Much of this is stuff that I don't necessarily know or even care that much about, although one of the things I've admired about Kathryn's writing here, as in her bit on the hypercapitalist enterprise that is K-Pop, is her ability to not just make this stuff interesting, but to connect it to the broader systems and structures and social manias that influence not just the stuff I do care about, but basically everything else. And so it was that our K-Pop chat, which led off the episode after the customary exchange of "here is how disgustingly I lived in my 20s" niceties, wound up touching on not only the confluence between art and commerce, but the weird striations of fame and various varieties of authority and artifice that enforce it, as well as the new types of fandom weirdness that this hothouse environment creates. I wouldn't say that I was happy to learn about Company Stans, who support given entertainment companies in the same way that some baseball fans wind up rocking with their GMs over the players, but I think it clarified some things. Also Drew talked about singing Eric Carmen's "Hungry Eyes" in seventh grade, but did not sing it.

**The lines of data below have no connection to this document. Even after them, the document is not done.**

text \<open>As \<^const>\<open>perfect_tree_in\<close>, except that the root has \<open>r\<close> children; the
  greedy embedding attaches the subtrees of the root one at a time.\<close>
definition rooted_tree_in ::
  "'a set \<Rightarrow> ('a \<Rightarrow> 'a \<Rightarrow> bool) \<Rightarrow> nat \<Rightarrow> nat \<Rightarrow> nat \<Rightarrow> 'a \<Rightarrow> 'a set
   \<Rightarrow> 'a set \<Rightarrow> ('a \<Rightarrow> 'a) \<Rightarrow> ('a \<Rightarrow> nat) \<Rightarrow> bool" where
  "rooted_tree_in V E \<Delta> h r v U T par dep \<longleftrightarrow>
     T \<subseteq> V \<and> v \<in> T \<and> dep v = 0 \<and>
     (\<forall>x\<in>T. dep x \<le> h) \<and>
     (\<forall>x\<in>T - {v}. par x \<in> T \<and> dep x = dep (par x) + 1 \<and> E x (par x)) \<and>
     (\<forall>x\<in>T. dep x < h \<longrightarrow>
        card {y \<in> T - {v}. par y = x} = (if x = v then r else \<Delta> - 1)) \<and>
     (\<forall>x\<in>T. dep x = h \<longrightarrow> x \<in> U)"

lemma perfect_tree_in_eq_rooted_tree_in:
  "perfect_tree_in V E \<Delta> h v U T par dep = rooted_tree_in V E \<Delta> h \<Delta> v U T par dep"
  unfolding perfect_tree_in_def rooted_tree_in_def ..

lemma rooted_tree_in_leaf:
  "x \<in> U \<Longrightarrow> U \<subseteq> V \<Longrightarrow> rooted_tree_in V E \<Delta> 0 r x U {x} par (\<lambda>_. 0)"
  unfolding rooted_tree_in_def by auto

lemma rooted_tree_in_childless_root:
  "x \<in> V \<Longrightarrow> rooted_tree_in V E \<Delta> (Suc k) 0 x U {x} par (\<lambda>_. 0)"
  unfolding rooted_tree_in_def by auto

lemma rooted_tree_in_graft:
  assumes "symp E"
    and T: "rooted_tree_in V E \<Delta> (Suc k) r x U T par dep" "finite T"
    and T': "rooted_tree_in V E \<Delta> k (\<Delta> - 1) y U T' par' dep'"
    and disj: "T \<inter> T' = {}" and "E x y"
  shows "\<exists>par'' dep''. rooted_tree_in V E \<Delta> (Suc k) (Suc r) x U (T \<union> T') par'' dep''"
proof -
  define par'' where "par'' z = (if z \<in> T' then if z = y then x else par' z else par z)" for z
  define dep'' where "dep'' z = (if z \<in> T' then Suc (dep' z) else dep z)" for z
  have x: "x \<in> T" "x \<notin> T'" "dep x = 0" and y: "y \<in> T'" "y \<notin> T" "dep' y = 0"
    using T T' disj unfolding rooted_tree_in_def by auto
  have par_T: "par z \<in> T" "dep z = Suc (dep (par z))" "E z (par z)" if "z \<in> T - {x}" for z
    using T that unfolding rooted_tree_in_def by auto
  have par_T': "par' z \<in> T'" "dep' z = Suc (dep' (par' z))" "E z (par' z)" if "z \<in> T' - {y}" for z
    using T' that unfolding rooted_tree_in_def by auto
  have children_T: "{z \<in> (T \<union> T') - {x}. par'' z = w}
      = {z \<in> T - {x}. par z = w} \<union> (if w = x then {y} else {})" if "w \<in> T" for w
    using that x y disj par_T' unfolding par''_def by auto
  have children_T': "{z \<in> (T \<union> T') - {x}. par'' z = w} = {z \<in> T' - {y}. par' z = w}"
    if "w \<in> T'" for w
    using that x y disj par_T unfolding par''_def by (fastforce simp: disjoint_iff)
  have "card {z \<in> (T \<union> T') - {x}. par'' z = w} = (if w = x then Suc r else \<Delta> - 1)"
    if w: "w \<in> T \<union> T'" "dep'' w < Suc k" for w
  proof (cases "w \<in> T")
    case True
    with w disj have "dep w < Suc k"
      unfolding dep''_def by (auto split: if_splits)
    with T True have "card {z \<in> T - {x}. par z = w} = (if w = x then r else \<Delta> - 1)"
      unfolding rooted_tree_in_def by auto
    with \<open>finite T\<close> y show ?thesis
      unfolding children_T[OF True] by (auto simp: card_insert_if)
  next
    case False
    with w have "w \<in> T'" "dep' w < k"
      unfolding dep''_def by auto
    with T' x show ?thesis
      unfolding children_T'[OF \<open>w \<in> T'\<close>] rooted_tree_in_def by auto
  qed
  moreover have "par'' z \<in> T \<union> T' \<and> dep'' z = dep'' (par'' z) + 1 \<and> E z (par'' z)"
    if "z \<in> T \<union> T' - {x}" for z
    using that x y disj par_T par_T' \<open>E x y\<close> \<open>symp E\<close>
    unfolding par''_def dep''_def by (auto dest: sympD)
  ultimately have "rooted_tree_in V E \<Delta> (Suc k) (Suc r) x U (T \<union> T') par'' dep''"
    using T T' x unfolding rooted_tree_in_def dep''_def by auto
  then show ?thesis by blast
qed
definition free_brauer_action ::
  "('g, 'b) monoid_scheme \<Rightarrow> 'v set \<Rightarrow> 'e set \<Rightarrow> 'd set \<Rightarrow> ('d \<Rightarrow> 'e) \<Rightarrow> ('d \<Rightarrow> 'v)
   \<Rightarrow> ('d \<Rightarrow> 'd) \<Rightarrow> ('v \<Rightarrow> nat)
   \<Rightarrow> ('g \<Rightarrow> 'd \<Rightarrow> 'd) \<Rightarrow> ('g \<Rightarrow> 'v \<Rightarrow> 'v) \<Rightarrow> ('g \<Rightarrow> 'e \<Rightarrow> 'e) \<Rightarrow> bool" where
  "free_brauer_action G V E D edge vert nxt m act actV actE \<longleftrightarrow>
     is_action G D act \<and> is_action G V actV \<and> is_action G E actE
     \<and> (\<forall>g\<in>carrier G. \<forall>d\<in>D. edge (act g d) = actE g (edge d))
     \<and> (\<forall>g\<in>carrier G. \<forall>d\<in>D. vert (act g d) = actV g (vert d))
     \<and> (\<forall>g\<in>carrier G. \<forall>d\<in>D. nxt (act g d) = act g (nxt d))
     \<and> (\<forall>g\<in>carrier G. \<forall>v\<in>V. m (actV g v) = m v)
     \<and> (\<forall>g\<in>carrier G. (\<forall>v\<in>V. actV g v = v) \<and> (\<forall>e\<in>E. actE g e = e)
            \<and> (\<forall>d\<in>D. act g d = d) \<longrightarrow> g = (monoid.one G))
     \<and> (\<forall>g\<in>carrier G. \<forall>e\<in>E. actE g e = e \<longrightarrow> g = (monoid.one G))"

definition orb :: "('g, 'b) monoid_scheme \<Rightarrow> ('g \<Rightarrow> 'x \<Rightarrow> 'x) \<Rightarrow> 'x \<Rightarrow> 'x set" where
  "orb G act x = (\<lambda>g. act g x) ` carrier G"

(* Brauer orbit graph: the edge occurrences at the orbit vertex vb are the G-orbits of
   darts lying over vb; these index Z_vb (each occurrence paired with its successor). *)
definition orb_darts_at ::
  "('g, 'b) monoid_scheme \<Rightarrow> 'd set \<Rightarrow> ('d \<Rightarrow> 'v) \<Rightarrow> ('g \<Rightarrow> 'd \<Rightarrow> 'd)
   \<Rightarrow> ('g \<Rightarrow> 'v \<Rightarrow> 'v) \<Rightarrow> 'v set \<Rightarrow> 'd set set" where
  "orb_darts_at G D vert act actV vb = {orb G act d | d. d \<in> D \<and> orb G actV (vert d) = vb}"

The episode gets sportsier from there, as we talked about the two elite unsigned free agent pitchers still waiting for MLB jobs and the plausible-deniability aspect of this kind of free agency fuckery, and then about F1, Kathryn's other big beat. I know as little or less about this topic as I do about K-Pop, but Drew and Kathryn had some interesting insights on the quest for parity in this incredibly top-heavy and plutocratic sport, and what the strange saga of Kate Wagner's published-and-deleted (and re-published, at Escape Collective) Road And Track feature reveals about how F1 thinks about itself, and wants to be thought about.

From there, it was food-related material, although we did treat listeners to a look inside Defector's editorial process vis-a-vis Kathryn's instant-classic post on proper hot pot methods. This was going very well until I brought up how much Donald Trump loves white rice, but we recovered thanks to Funbag questions sent us off on fruit-related reveries—we celebrate the stuff in all its forms—and a discussion of forgotten Hollywood gambits and the bygone days of easy/weird air travel. We ended with Drew's latest Fanatics Experience, a typically botched bit of commerce so ridiculous that it would be criminal to spoil it here, although I will say that nothing in that experience changed Drew's longstanding opinion on the ubiquitous and flub-prone retailer. Kathryn was an able copilot through all of this. My pet turtle might well be older than her, and is almost certainly less trustworthy, but she's a much more gracious and patient guest.